(Stored data entries)
lemma dominates_code [code]:
  "dominates mu lam \<longleftrightarrow> sum_list mu = sum_list lam \<and>
     (\<forall>k\<in>set [0..<Suc (max (length lam) (length mu))]. sum_list (take k lam) \<le> sum_list (take k mu))"
proof -
  have "sum_list (take k lam) \<le> sum_list (take k mu)"
    if "\<forall>k\<le>max (length lam) (length mu). sum_list (take k lam) \<le> sum_list (take k mu)" for k
    using that by (cases "k \<le> max (length lam) (length mu)") auto
  then show ?thesis
    unfolding dominates_def by (auto simp: less_Suc_eq_le)
qed

definition separating_points :: "(nat list \<times> nat list \<times> real \<times> real \<times> real) list" where
  "separating_points =
    [([4, 1, 1], [3, 3], 2, 2, 3), ([3, 3], [4, 1, 1], 0, 0, 1),
     ([3, 1, 1, 1], [2, 2, 2], 1, 1, 2), ([2, 2, 2], [3, 1, 1, 1], 0, 0, 1),
     ([5, 1, 1], [4, 3], 1, 1, 2), ([4, 3], [5, 1, 1], 0, 0, 1),
     ([4, 1, 1, 1], [3, 3, 1], 2, 2, 3), ([3, 3, 1], [4, 1, 1, 1], 0, 0, 1),
     ([4, 1, 1, 1], [3, 2, 2], 0, 1, 2), ([3, 2, 2], [4, 1, 1, 1], 0, 0, 1),
     ([3, 1, 1, 1, 1], [2, 2, 2, 1], 1, 1, 2), ([2, 2, 2, 1], [3, 1, 1, 1, 1], 0, 0, 1)]"

lemma separating_points_separate:
  assumes "(lam, mu, a, b, c) \<in> set separating_points"
  shows "nonneg_orthant 3 (vec3 a b c) \<and> Hnorm 3 mu (vec3 a b c) < Hnorm 3 lam (vec3 a b c)"
  using assms unfolding separating_points_def
  by (auto simp: nonneg_orthant_def vec3_def Hnorm_def hpart_def hcomp_3_eq atMost_nat_numeral)

lemma incomparable_partitions_upto_7_listed:
  "\<forall>n\<in>set [0..<8]. \<forall>lam\<in>set (partitions n). \<forall>mu\<in>set (partitions n).
     incomparable lam mu \<longrightarrow> (lam, mu) \<in> set (map (\<lambda>(lam, mu, _). (lam, mu)) separating_points)"
  unfolding separating_points_def incomparable_def by code_simp

theorem theorem1p2:
  shows "rat_sos3 41 (\<lambda>a b e. Hnorm 3 [4,4] (vec3 (a\<^sup>2) (b\<^sup>2) (e\<^sup>2))
                              - Hnorm 3 [5,2,1] (vec3 (a\<^sup>2) (b\<^sup>2) (e\<^sup>2)))
    \<and> (\<forall>x. nonneg_orthant 3 x \<longrightarrow> Hnorm 3 [4,4] x - Hnorm 3 [5,2,1] x \<ge> 0)
    \<and> incomparable [4,4] [5,2,1]
    \<and> (\<forall>lam mu. is_partition lam \<and> is_partition mu \<and> sum_list lam = sum_list mu
          \<and> sum_list lam \<le> 7 \<and> incomparable lam mu \<longrightarrow>
          \<not> (\<forall>x. nonneg_orthant 3 x \<longrightarrow> Hnorm 3 mu x - Hnorm 3 lam x \<ge> 0))"
proof (intro conjI allI impI)
  show "rat_sos3 41 (\<lambda>a b e. Hnorm 3 [4,4] (vec3 (a\<^sup>2) (b\<^sup>2) (e\<^sup>2))
                              - Hnorm 3 [5,2,1] (vec3 (a\<^sup>2) (b\<^sup>2) (e\<^sup>2)))"
    by (rule rat_sos3_H44_H521)
  then show "Hnorm 3 [4,4] x - Hnorm 3 [5,2,1] x \<ge> 0" if "nonneg_orthant 3 x" for x
    using Hnorm_le_if_rat_sos3 that by simp
  show "incomparable [4,4] [5,2,1]"
    by (simp add: incomparable_def dominates_code)
  fix lam mu
  assume "is_partition lam \<and> is_partition mu \<and> sum_list lam = sum_list mu
    \<and> sum_list lam \<le> 7 \<and> incomparable lam mu"
  then have "(lam, mu) \<in> set (map (\<lambda>(lam, mu, _). (lam, mu)) separating_points)"
    using incomparable_partitions_upto_7_listed mem_partitions by fastforce
  then obtain a b c where "(lam, mu, a, b, c) \<in> set separating_points"
    by auto
  then show "\<not> (\<forall>x. nonneg_orthant 3 x \<longrightarrow> Hnorm 3 mu x - Hnorm 3 lam x \<ge> 0)"
    using separating_points_separate by force
qed

end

» **TASK BRIEF**
The required answer is each line of the entries containing the string "lemma".

» **ANSWER SPACE**
lemma dominates_code [code]:
lemma separating_points_separate:
lemma incomparable_partitions_upto_7_listed:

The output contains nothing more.